Scary facts about hemorrhagic cva

10% of strokes
· 2Xs as common as SAH
· 30 day mortality 50% (½ in 2 days)

Etiologies of H cva


o hypertensive hemorrhage,


o amyloid angiopathy,


o AVMs,


o hypertensive emergencies (sympathomimetics, pheo, cocaine),


o tumor/bleed,


o anticoagulants



· Hypertensive hemorrhages
o Predominantly elderly
o Degenerative changes in small penetrating arteries leading to the formation of microaneurysms (MC in MCA territory)

· Most common sites.....


o Putamen 44%
o Other cortical areas 25%
o Thalamus 13%
o Cerebellum 9%
o Pons 9%

CLINICAL FEATURES


· Sudden onset headache, vomiting, HTN, focal neuro deficit
· Motor/sensory deficit contralateral to lesion
· Agitation, lethargy and may rapidly progress to coma
· 1/3 have significant growth of hemorrhage size in first hrs
· More likely to have precipitant like exertion, sex, valsalva, labor
· Airway more of a problem b/c of decreased LOC
o Cheyne-Stokes (deep and rapid then apnea) common with large ICH
o Irregular resp pattern with putamenal hemorrhages
o Normal resp pattern with CB hemorrhages
· Pontine hemorrhage: bilateral pinpoint pupils b/c of loss of sympathetics
· Dilated pupils: putamen
· Anisocoria, miosis, poor response with thalamic bleed

· Estimate volume of blood in cc (ABC/2 method)

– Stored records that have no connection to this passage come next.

(* Let $X_1,X_2,\dots$ be i.i.d. real random variables with $A\le X_1\le B$ almost surely for constants $A<B$, let $\mu:=\mathbb E[X_1]$ and $\bar X_k:=\frac1k\sum_{i=1}^kX_i$. Then for every $n\in\mathbb N$ and every $x>0$, $$\mathbb P\Big(\sup_{k\ge n}|\bar X_k-\mu|>x\Big)\le 2\exp\{-2(B-A)^{-2}\,n\,x^2\}.$$ *)

theory Defs
  imports "HOL-Probability.Probability"
begin

end

theory Submission
  imports Defs
begin

(* The sample means form a reverse martingale. By exchangeability, each leave-one-out mean of
   X_1, ..., X_k behaves like the mean of k - 1 variables, and these k means average to the mean
   of all k; so by Jensen's inequality exp (l (mean_k - mu)) is a reverse submartingale: on every
   event symmetric in the first k coordinates its integral is at most that of
   exp (l (mean_(k-1) - mu)). Splitting the event max_{n<=k<=N} (mean_k - mu) > x according to the
   last exceedance time k, which is symmetric in the first k coordinates, yields Doob's maximal
   inequality exp (l x) P(...) <= E exp (l (mean_n - mu)). Hoeffding's lemma bounds the right-hand
   side by exp (l^2 (B - A)^2 / (8 n)), and l = 4 n x / (B - A)^2 gives exp (-2 n x^2 / (B - A)^2).
   The same bound for -X_i and the limit N -> infinity give the theorem. *)

definition sample_mean :: "nat \<Rightarrow> (nat \<Rightarrow> real) \<Rightarrow> real" where
  "sample_mean k f = (\<Sum>i=1..k. f i) / real k"

lemma sample_mean_uminus: "sample_mean k (\<lambda>i. - f i) = - sample_mean k f"
  by (simp add: sample_mean_def sum_negf)

lemma borel_measurable_sample_mean:
  fixes X :: "nat \<Rightarrow> 'a \<Rightarrow> real"
  assumes "\<And>i. i \<in> {1..k} \<Longrightarrow> X i \<in> borel_measurable M"
  shows "(\<lambda>\<omega>. sample_mean k (\<lambda>i. X i \<omega>)) \<in> borel_measurable M"
  unfolding sample_mean_def using assms by (intro borel_measurable_divide borel_measurable_sum) auto

lemma exp_sample_mean_le_leave_one_out:
  fixes f :: "nat \<Rightarrow> real"
  assumes k: "2 \<le> k" and l: "0 \<le> l"
  shows "exp (l * (sample_mean k f - \<mu>)) \<le>
         (\<Sum>j=1..k. exp (l * (((\<Sum>i=1..k. f i) - f j) / real (k - 1) - \<mu>))) / real k"
proof -
  define y where "y j = ((\<Sum>i=1..k. f i) - f j) / real (k - 1) - \<mu>" for j
  have "(\<Sum>j=1..k. y j) = (\<Sum>j=1..k. ((\<Sum>i=1..k. f i) - f j) / real (k - 1)) - real k * \<mu>"
    by (simp add: y_def sum_subtractf)
  also have "(\<Sum>j=1..k. ((\<Sum>i=1..k. f i) - f j) / real (k - 1))
           = (\<Sum>j=1..k. (\<Sum>i=1..k. f i) - f j) / real (k - 1)"
    by (rule sum_divide_distrib[symmetric])
  also have "(\<Sum>j=1..k. (\<Sum>i=1..k. f i) - f j) = (real k - 1) * (\<Sum>i=1..k. f i)"
    by (simp add: sum_subtractf algebra_simps)
  also have "(real k - 1) * (\<Sum>i=1..k. f i) / real (k - 1) = (\<Sum>i=1..k. f i)"
    using k by simp
  finally have "(\<Sum>j=1..k. (1 / real k) *\<^sub>R y j) = sample_mean k f - \<mu>"
    using k by (simp add: sample_mean_def field_simps flip: sum_divide_distrib)
  moreover have "exp (l * (\<Sum>j=1..k. (1 / real k) *\<^sub>R y j)) \<le> (\<Sum>j=1..k. (1 / real k) * exp (l * y j))"
    by (rule convex_on_sum[OF _ _ convex_on_exp[OF l]]) (use k in auto)
  ultimately show ?thesis
    by (simp add: y_def sum_divide_distrib)
qed

lemma sets_Collect_finite_exceeds:
  fixes S :: "'i \<Rightarrow> 'a \<Rightarrow> real"
  assumes "finite K" "\<And>k. k \<in> K \<Longrightarrow> S k \<in> borel_measurable M"
  shows "{\<omega> \<in> space M. \<exists>k\<in>K. x < S k \<omega>} \<in> sets M"
proof (intro sets.sets_Collect_finite_Ex assms(1))
  fix k assume "k \<in> K"
  then have "S k \<in> borel_measurable M" by (rule assms(2))
  then show "{\<omega> \<in> space M. x < S k \<omega>} \<in> sets M"
    by (rule borel_measurable_iff_greater[THEN iffD1, rule_format])
qed

definition last_exceedance :: "'a measure \<Rightarrow> (nat \<Rightarrow> 'a \<Rightarrow> real) \<Rightarrow> real \<Rightarrow> nat \<Rightarrow> nat \<Rightarrow> 'a set" where
  "last_exceedance M S x N k = {\<omega> \<in> space M. x < S k \<omega> \<and> (\<forall>j\<in>{k<..N}. S j \<omega> \<le> x)}"

lemma sets_last_exceedance:
  assumes "\<And>j. j \<le> N \<Longrightarrow> S j \<in> borel_measurable M" and "k \<le> N"
  shows "last_exceedance M S x N k \<in> sets M"
proof -
  have "{\<omega> \<in> space M. j \<in> {k<..N} \<longrightarrow> S j \<omega> \<le> x} \<in> sets M" for j
  proof (cases "j \<in> {k<..N}")
    case True
    then have "S j \<in> borel_measurable M" using assms(1) by simp
    then show ?thesis using True by simp
  next
    case False
    then have "{\<omega> \<in> space M. j \<in> {k<..N} \<longrightarrow> S j \<omega> \<le> x} = space M" by blast
    then show ?thesis by simp
  qed
  then have "{\<omega> \<in> space M. \<forall>j. j \<in> {k<..N} \<longrightarrow> S j \<omega> \<le> x} \<in> sets M"
    by (rule sets.sets_Collect_countable_All)
  moreover have "{\<omega> \<in> space M. x < S k \<omega>} \<in> sets M"
    using assms by simp
  ultimately show ?thesis
    unfolding last_exceedance_def Ball_def by (rule sets.sets_Collect_conj)
qed

lemma disjoint_family_last_exceedance: "disjoint_family_on (last_exceedance M S x N) {..N}"
  unfolding disjoint_family_on_def
proof (intro ballI impI)
  have "\<omega> \<notin> last_exceedance M S x N j" if "\<omega> \<in> last_exceedance M S x N k" "j < k" "k \<le> N" for \<omega> j k
    using that by (auto simp: last_exceedance_def intro!: bexI[of _ k])
  then show "last_exceedance M S x N j \<inter> last_exceedance M S x N k = {}"
    if "j \<in> {..N}" "k \<in> {..N}" "j \<noteq> k" for j k
    using that by (metis atMost_iff disjoint_iff linorder_neqE_nat)
qed

lemma exceedance_imp_last_exceedance:
  assumes "\<omega> \<in> space M" "k \<le> N" "x < S k \<omega>"
  shows "\<exists>j\<in>{k..N}. \<omega> \<in> last_exceedance M S x N j"
proof -
  define K where "K = {j \<in> {k..N}. x < S j \<omega>}"
  have "finite K" "k \<in> K" using assms by (auto simp: K_def)
  then have "Max K \<in> K" by (intro Max_in) auto
  moreover have "S j \<omega> \<le> x" if "j \<in> {Max K<..N}" for j
  proof (rule ccontr)
    assume "\<not> S j \<omega> \<le> x"
    with that \<open>Max K \<in> K\<close> have "j \<in> K" by (auto simp: K_def)
    with \<open>finite K\<close> have "j \<le> Max K" by simp
    with that show False by simp
  qed
  ultimately show ?thesis using assms(1) by (auto simp: K_def last_exceedance_def)
qed

(* Doob's maximal inequality; Z_last is the submartingale property on the events where k is the
   last exceedance time. *)
lemma maximal_ineq_last_exceedance:
  fixes S :: "nat \<Rightarrow> 'a \<Rightarrow> real" and Z :: "nat \<Rightarrow> 'a \<Rightarrow> ennreal"
  assumes S: "\<And>k. k \<le> N \<Longrightarrow> S k \<in> borel_measurable M"
    and Z: "\<And>k. k \<le> N \<Longrightarrow> Z k \<in> borel_measurable M"
    and Z_ge: "\<And>k \<omega>. k \<in> {n..N} \<Longrightarrow> x < S k \<omega> \<Longrightarrow> c \<le> Z k \<omega>"
    and Z_last: "\<And>k. k \<in> {n..N} \<Longrightarrow>
      (\<integral>\<^sup>+\<omega>. Z k \<omega> * indicator (last_exceedance M S x N k) \<omega> \<partial>M)
        \<le> (\<integral>\<^sup>+\<omega>. Z n \<omega> * indicator (last_exceedance M S x N k) \<omega> \<partial>M)"
  shows "c * emeasure M {\<omega> \<in> space M. \<exists>k\<in>{n..N}. x < S k \<omega>} \<le> (\<integral>\<^sup>+\<omega>. Z n \<omega> \<partial>M)"
proof -
  let ?E = "{\<omega> \<in> space M. \<exists>k\<in>{n..N}. x < S k \<omega>}"
  let ?L = "last_exceedance M S x N"
  have L: "indicator (?L k) \<in> borel_measurable M" if "k \<le> N" for k
    using sets_last_exceedance[OF S that] by simp
  have disj: "disjoint_family_on ?L {n..N}"
    by (rule disjoint_family_on_mono[OF _ disjoint_family_last_exceedance]) auto
  have "?E \<in> sets M"
    using S by (intro sets_Collect_finite_exceeds) auto
  then have "c * emeasure M ?E = (\<integral>\<^sup>+\<omega>. c * indicator ?E \<omega> \<partial>M)"
    by (rule nn_integral_cmult_indicator[symmetric])
  also have "\<dots> \<le> (\<integral>\<^sup>+\<omega>. (\<Sum>k\<in>{n..N}. Z k \<omega> * indicator (?L k) \<omega>) \<partial>M)"
  proof (rule nn_integral_mono)
    fix \<omega> assume \<omega>: "\<omega> \<in> space M"
    show "c * indicator ?E \<omega> \<le> (\<Sum>k\<in>{n..N}. Z k \<omega> * indicator (?L k) \<omega>)"
    proof (cases "\<omega> \<in> ?E")
      case True
      then obtain k where "k \<in> {n..N}" "x < S k \<omega>" by blast
      moreover obtain j where "j \<in> {k..N}" "\<omega> \<in> ?L j"
        using exceedance_imp_last_exceedance[OF \<omega>, of k N x S] calculation by auto
      ultimately have j: "j \<in> {n..N}" "\<omega> \<in> ?L j" by auto
      then have "c \<le> Z j \<omega>"
        by (intro Z_ge) (auto simp: last_exceedance_def)
      also have "Z j \<omega> = (\<Sum>k\<in>{n..N}. Z k \<omega> * indicator (?L k) \<omega>)"
        using j by (intro sum_indicator_disjoint_family[OF disj, symmetric]) auto
      finally show ?thesis
        using True by simp
    qed simp
  qed
  also have "\<dots> = (\<Sum>k\<in>{n..N}. \<integral>\<^sup>+\<omega>. Z k \<omega> * indicator (?L k) \<omega> \<partial>M)"
    by (intro nn_integral_sum borel_measurable_times_ennreal Z L) auto
  also have "\<dots> \<le> (\<Sum>k\<in>{n..N}. \<integral>\<^sup>+\<omega>. Z n \<omega> * indicator (?L k) \<omega> \<partial>M)"
    by (intro sum_mono Z_last)
  also have "\<dots> = (\<integral>\<^sup>+\<omega>. (\<Sum>k\<in>{n..N}. Z n \<omega> * indicator (?L k) \<omega>) \<partial>M)"
    by (intro nn_integral_sum[symmetric] borel_measurable_times_ennreal Z L) auto
  also have "\<dots> = (\<integral>\<^sup>+\<omega>. Z n \<omega> * indicator (\<Union>k\<in>{n..N}. ?L k) \<omega> \<partial>M)"
    by (simp add: indicator_UN_disjoint[OF _ disj] sum_distrib_left)
  also have "\<dots> \<le> (\<integral>\<^sup>+\<omega>. Z n \<omega> \<partial>M)"
    by (intro nn_integral_mono) (simp add: indicator_def)
  finally show ?thesis .
qed

definition swap_coords :: "nat \<Rightarrow> nat \<Rightarrow> nat \<Rightarrow> (nat \<Rightarrow> real) \<Rightarrow> nat \<Rightarrow> real" where
  "swap_coords N a b f = (\<lambda>i\<in>{1..N}. f (Transposition.transpose a b i))"

lemma sum_swap_coords:
  assumes "a \<in> {1..k}" "b \<in> {1..k}" "k \<le> N"
  shows "(\<Sum>i=1..k. swap_coords N a b f i) = (\<Sum>i=1..k. f i)"
proof -
  have "(\<Sum>i=1..k. swap_coords N a b f i) = (\<Sum>i=1..k. f (Transposition.transpose a b i))"
    using assms by (intro sum.cong) (auto simp: swap_coords_def)
  also have "\<dots> = (\<Sum>i=1..k. f i)"
    using sum.permute[OF permutes_swap_id[OF assms(1,2)], of f] by (simp add: comp_def)
  finally show ?thesis .
qed

lemma sample_mean_swap_coords:
  assumes "a \<in> {1..k}" "b \<in> {1..k}" "k \<le> j" "j \<le> N"
  shows "sample_mean j (swap_coords N a b f) = sample_mean j f"
  using assms sum_swap_coords[of a j b N f] by (simp add: sample_mean_def)

lemma sample_mean_pred_swap_coords:
  assumes "j \<in> {1..k}" "k \<le> N"
  shows "sample_mean (k - 1) (swap_coords N j k f) = ((\<Sum>i=1..k. f i) - f j) / real (k - 1)"
proof -
  have k: "k = Suc (k - 1)" using assms by simp
  have "(\<Sum>i=1..k. f i) = (\<Sum>i=1..k. swap_coords N j k f i)"
    using assms sum_swap_coords[of j k k N f] by simp
  also have "\<dots> = (\<Sum>i=1..k-1. swap_coords N j k f i) + swap_coords N j k f k"
    by (subst k, subst sum.cl_ivl_Suc) (use assms in auto)
  also have "swap_coords N j k f k = f j"
    using assms by (simp add: swap_coords_def)
  finally show ?thesis by (simp add: sample_mean_def)
qed

(* Exchangeability is used on the canonical product space of the sample, where it is the
   invariance of the product measure under swapping two coordinates. *)
locale product_sample =
  fixes D :: "real measure" and N :: nat
  assumes prob_space_D: "prob_space D" and sets_D: "sets D = sets borel"
begin

abbreviation "Q \<equiv> PiM {1..N} (\<lambda>_. D)"

lemma measurable_coord: "i \<in> {1..N} \<Longrightarrow> (\<lambda>f. f i) \<in> borel_measurable Q"
  using measurable_component_singleton[of i "{1..N}" "\<lambda>_. D"]
  by (simp add: measurable_cong_sets[OF refl sets_D])

lemma measurable_sum_coords: "k \<le> N \<Longrightarrow> (\<lambda>f. \<Sum>i=1..k. f i) \<in> borel_measurable Q"
  by (intro borel_measurable_sum measurable_coord) auto

lemma measurable_sample_mean: "k \<le> N \<Longrightarrow> sample_mean k \<in> borel_measurable Q"
  using borel_measurable_sample_mean[of k "\<lambda>i f. f i" Q] measurable_coord by simp

lemma measurable_swap_coords:
  assumes "a \<in> {1..N}" "b \<in> {1..N}"
  shows "swap_coords N a b \<in> measurable Q Q"
  unfolding swap_coords_def
proof (rule measurable_restrict)
  fix i assume "i \<in> {1..N}"
  then have "Transposition.transpose a b i \<in> {1..N}"
    using permutes_in_image[OF permutes_swap_id[OF assms]] by simp
  then show "(\<lambda>f. f (Transposition.transpose a b i)) \<in> measurable Q D"
    by (rule measurable_component_singleton)
qed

o A = largest diameter of hemorrhage
o B = largest diameter perpendicular to A
o C = number of 10mm slices hemorrhage seen in

Transient Global Amnesia



· Paroxysmal, transient loss of memory function for < 24h
· Immediate recall ability is preserved, as is remote memory; however, patients experience striking loss of memory for recent events and an impaired ability to retain new information.
· Attention, social skills, language, vision, motor, sensory are preserved
· Cause: unknown but thought to be multifactorial and perhaps to decreased venous outflow from the brain.
o Not thought to be caused by cerebraovascular disease like stroke or TIA
o Unlikely secondary to migraines
· No specific treatment other than neurologist follow-up.